The Tinybird project may use the following structure:

Tinybird data project file structure
ecommerce_data_project/
    datasources/
        connections/
          my_connector_name.incl
        my_kafka_datasource.datasource
        another_datasource.datasource
    endpoints/
    pipes/

Where the file my_connector_name.incl has the following content:

Include file containing Kafka connection details
KAFKA_CONNECTION_NAME my_connection_name
KAFKA_BOOTSTRAP_SERVERS my_server:9092
KAFKA_KEY my_username
KAFKA_SECRET my_password

And the Kafka .datasource files look like the following:

Data Source using includes for Kafka connection details
SCHEMA >
  `__value` String,
  `__topic` LowCardinality(String),
  `__partition` Int16,
  `__offset` Int64,
  `__timestamp` DateTime,
  `__key` String

ENGINE "MergeTree"
ENGINE_PARTITION_KEY "toYYYYMM(timestamp)"
ENGINE_SORTING_KEY "timestamp"

INCLUDE "connections/my_connection_name.incl"

KAFKA_TOPIC my_topic
KAFKA_GROUP_ID my_group_id

When using tb pull to pull a Kafka Data Source using the CLI, the KAFKA_KEY and KAFKA_SECRET settings are not included in the file, to avoid exposing credentials.

Limits

The limits for the Kafka connector are:

  • Minimum flush time: 4 seconds
  • Throughtput (uncompressed) 20MB/s
  • Up to 3 connections per workspace

The Kafka connector is able to scale beyond these limits.

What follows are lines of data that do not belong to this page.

(* Let $z_1,\dots,z_n\in\mathbb D$. Then $$2\pi\sum_{k=1}^n\operatorname{dist}(z_k,\mathbb T)\ \le\ \int_{\mathbb D}\left|\sum_{k=1}^n\frac{1}{z-z_k}\right|dm(z).$$
   Context: $\mathbb D$ is the open unit disc in $\mathbb C$, $\mathbb T$ the unit circle, $\operatorname{dist}(z,\mathbb T)=1-|z|$, and $m$ planar Lebesgue measure. *)

theory Defs
  imports "HOL-Analysis.Analysis"
begin

end

theory Submission
  imports Defs "HOL-Complex_Analysis.Complex_Analysis"
begin

(* In polar coordinates the integral over the disc is the integral over 0 < r < 1 of r times the
   integral of |F| over the circle |z| = r, where F z = (SUM k. 1 / (z - z_k)).  This circle
   integral dominates the modulus of the contour integral of F, which is 2 pi times the number
   of z_k inside the circle, and integrating that count over 0 < r < 1 gives SUM k. 1 - |z_k|.
   Polar coordinates are derived from Fubini's theorem and the substitution x = y cot theta on
   each horizontal line Im z = y > 0. *)

lemma borel_measurable_Complex [measurable]:
  fixes f g :: "'a \<Rightarrow> real"
  assumes [measurable]: "f \<in> borel_measurable M" "g \<in> borel_measurable M"
  shows "(\<lambda>x. Complex (f x) (g x)) \<in> borel_measurable M"
  unfolding Complex_eq by measurable

lemma borel_measurable_rcis [measurable]:
  fixes f g :: "'a \<Rightarrow> real"
  assumes [measurable]: "f \<in> borel_measurable M" "g \<in> borel_measurable M"
  shows "(\<lambda>x. rcis (f x) (g x)) \<in> borel_measurable M"
  unfolding rcis_def cis.ctr by measurable

lemma lborel_complex_eq_distr_pair:
  "(lborel :: complex measure) = distr (lborel \<Otimes>\<^sub>M lborel) borel (\<lambda>(x, y). Complex x y)"
proof (rule lborel_eqI)
  fix l u :: complex
  assume le: "\<And>b. b \<in> Basis \<Longrightarrow> l \<bullet> b \<le> u \<bullet> b"
  have "Re l \<le> Re u" "Im l \<le> Im u"
    using le[of 1] le[of \<i>] by (auto simp: Basis_complex_def)
  moreover have "(\<lambda>(x, y). Complex x y) -` box l u \<inter> space (lborel \<Otimes>\<^sub>M lborel)
      = {Re l<..<Re u} \<times> {Im l<..<Im u}"
    by (auto simp: box_def Basis_complex_def space_pair_measure)
  ultimately show "emeasure (distr (lborel \<Otimes>\<^sub>M lborel) borel (\<lambda>(x, y). Complex x y)) (box l u)
      = (\<Prod>b\<in>Basis. (u - l) \<bullet> b)"
    by (simp add: emeasure_distr case_prod_unfold lborel.emeasure_pair_measure_Times
        Basis_complex_def ennreal_mult')
qed (simp add: case_prod_unfold)

lemma nn_integral_lborel_complex:
  fixes h :: "complex \<Rightarrow> ennreal"
  assumes [measurable]: "h \<in> borel_measurable borel"
  shows "(\<integral>\<^sup>+z. h z \<partial>lborel) = (\<integral>\<^sup>+y. \<integral>\<^sup>+x. h (Complex x y) \<partial>lborel \<partial>lborel)"
  by (subst lborel_complex_eq_distr_pair, subst nn_integral_distr)
     (simp_all add: case_prod_unfold lborel_pair.nn_integral_snd[symmetric])
(* Let $h$ be analytic and convex (univalent) in $\mathbb{D}=\{|z|<1\}$ and let $u(z)=h(z)+\frac{1}{2}(1-|z|^{2})\,zh'(z)$. Then $u$ is univalent on the disk $|z|<\sqrt{2}-1$.
   Context: A convex function is an analytic univalent function mapping $\mathbb{D}$ onto a convex domain. *)

theory Defs
  imports "HOL-Complex_Analysis.Complex_Analysis"
begin

definition convex_univalent :: "(complex \<Rightarrow> complex) \<Rightarrow> bool" where
  "convex_univalent h \<longleftrightarrow>
     h holomorphic_on ball 0 1 \<and> inj_on h (ball 0 1) \<and> convex (h ` ball 0 1)"

end

theory Submission
  imports Defs
begin

text \<open>Let \<open>g\<close> be the inverse of \<open>h\<close>. Convexity of \<open>h(\<bbbD>)\<close> together with the Schwarz lemma shows that
  \<open>h\<close> maps every disk \<open>|z| \<le> \<rho> < 1\<close> onto a convex set; consequently \<open>h(\<bbbD>)\<close> has a supporting line at
  every \<open>h z\<close>, which forces \<open>Re (1 + z h''(z) / h'(z)) \<ge> 0\<close> and, by the Schwarz lemma again,
  \<open>|p - 1| \<le> |z| |p + 1|\<close> for \<open>p = 1 + z h''/h'\<close>. If \<open>|z\<^sub>1|, |z\<^sub>2| \<le> \<rho>\<close>, the path \<open>\<gamma> = g \<circ> [h z\<^sub>1, h z\<^sub>2]\<close>
  stays in \<open>|z| \<le> \<rho>\<close>, and along it the derivative of \<open>u \<circ> \<gamma>\<close> differs from \<open>\<Delta> = h z\<^sub>2 - h z\<^sub>1\<close> by at
  most \<open>(1/2 + \<rho> + \<rho>\<^sup>2/2) |\<Delta>|\<close>. For \<open>\<rho> < \<surd>2 - 1\<close> this factor is below \<open>1\<close>, so by the mean value
  theorem \<open>u z\<^sub>1 = u z\<^sub>2\<close> forces \<open>\<Delta> = 0\<close>.\<close>

lemma has_real_derivative_nonpos_at_right_max:
  fixes f :: "real \<Rightarrow> real"
  assumes der: "DERIV f a :> l" and "0 < e"
    and max: "\<And>t. a < t \<Longrightarrow> t < a + e \<Longrightarrow> f t \<le> f a"
  shows "l \<le> 0"
proof (rule ccontr)
  assume "\<not> l \<le> 0"
  then obtain d where "0 < d" and inc: "\<And>s. 0 < s \<Longrightarrow> s < d \<Longrightarrow> f a < f (a + s)"
    using DERIV_pos_inc_right[OF der] by force
  define s where "s = min d e / 2"
  have "0 < s" "s < d" "s < e" using \<open>0 < d\<close> \<open>0 < e\<close> by (auto simp: s_def)
  then show False using inc[of s] max[of "a + s"] by simp
qed

lemma second_derivative_nonpos_at_max:
  fixes f f' :: "real \<Rightarrow> real"
  assumes der: "\<And>t. DERIV f t :> f' t" and der2: "DERIV f' a :> l"
    and max: "\<And>t. f t \<le> f a"
  shows "l \<le> 0"
proof (rule ccontr)
  assume "\<not> l \<le> 0"
  have "f' a = 0" using DERIV_local_max[OF der zero_less_one] max by blast
  moreover obtain d where "0 < d" and inc: "\<And>s. 0 < s \<Longrightarrow> s < d \<Longrightarrow> f' a < f' (a + s)"
    using DERIV_pos_inc_right[OF der2] \<open>\<not> l \<le> 0\<close> by force
  moreover obtain \<xi> where "a < \<xi>" "\<xi> < a + d / 2" "f (a + d / 2) - f a = (a + d / 2 - a) * f' \<xi>"
    using MVT2[of a "a + d / 2" f f'] der \<open>0 < d\<close> by auto
  ultimately have "0 < (a + d / 2 - a) * f' \<xi>" "f (a + d / 2) - f a = (a + d / 2 - a) * f' \<xi>"
    using inc[of "\<xi> - a"] \<open>0 < d\<close> by auto
  then have "f a < f (a + d / 2)" by linarith
  then show False using max[of "a + d / 2"] by simp
qed

lemma norm_diff_le_of_derivative_near:
  fixes f :: "real \<Rightarrow> 'a::real_inner"
  assumes near: "\<And>t. t \<in> {0..1} \<Longrightarrow> \<exists>f'. (f has_vector_derivative f') (at t) \<and> norm (f' - v) \<le> B"
  shows "norm (f 1 - f 0 - v) \<le> B"
proof -
  define F where "F = (\<lambda>t. f t - t *\<^sub>R v)"
  have derF: "(F has_vector_derivative vector_derivative f (at t) - v) (at t)"
    and near': "norm (vector_derivative f (at t) - v) \<le> B" if "t \<in> {0..1}" for t
    using near[OF that] vector_derivative_at[of f _ t]
    by (auto simp: F_def intro!: derivative_eq_intros)
  have "continuous_on {0..1} F"
    using derF by (intro continuous_at_imp_continuous_on ballI has_vector_derivative_continuous) auto
  then obtain t where "t \<in> {0<..<1}"
      "norm (F 1 - F 0) \<le> norm ((1 - 0) *\<^sub>R (vector_derivative f (at t) - v))"
    using mvt_general[of 0 1 F "\<lambda>t s. s *\<^sub>R (vector_derivative f (at t) - v)"] derF
    unfolding has_vector_derivative_def by force
  then show ?thesis using near'[of t] by (simp add: F_def algebra_simps)
qed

If you are reaching these limits, contact support@tinybird.co.

FAQs

Is the Kafka Schema Registry supported?

Yes, for decoding Avro messages. You can choose to enable Schema Registry support when connecting Tinybird to Kafka. You will be prompted to add your Schema Registry connection details, e.g. https://<SCHEMA_REGISTRY_API_KEY>:<SCHEMA_REGISTRY_API_SECRET>@<SCHEMA_REGISTRY_API_URL>. However, the Kafka Data Source schema will not be defined using the Schema Registry, the Schema Registry is simply used to decode the messages.

Can Tinybird ingest compressed messages?

Yes, Tinybird can consume from Kafka topics where Kafka compression has been enabled, as decompressing the message is a standard function of the Kafka Consumer.

However, if you compressed the message before passing it through the Kafka Producer, then Tinybird cannot do post-Consumer processing to decompress the message.

For example, if you compressed a JSON message through gzip and produced it to a Kafka topic as a bytes message, it would be ingested by Tinybird as bytes. If you produced a JSON message to a Kafka topic with the Kafka Producer setting compression.type=gzip, while it would be stored in Kafka as compressed bytes, it would be decoded on ingestion and arrive to Tinybird as JSON.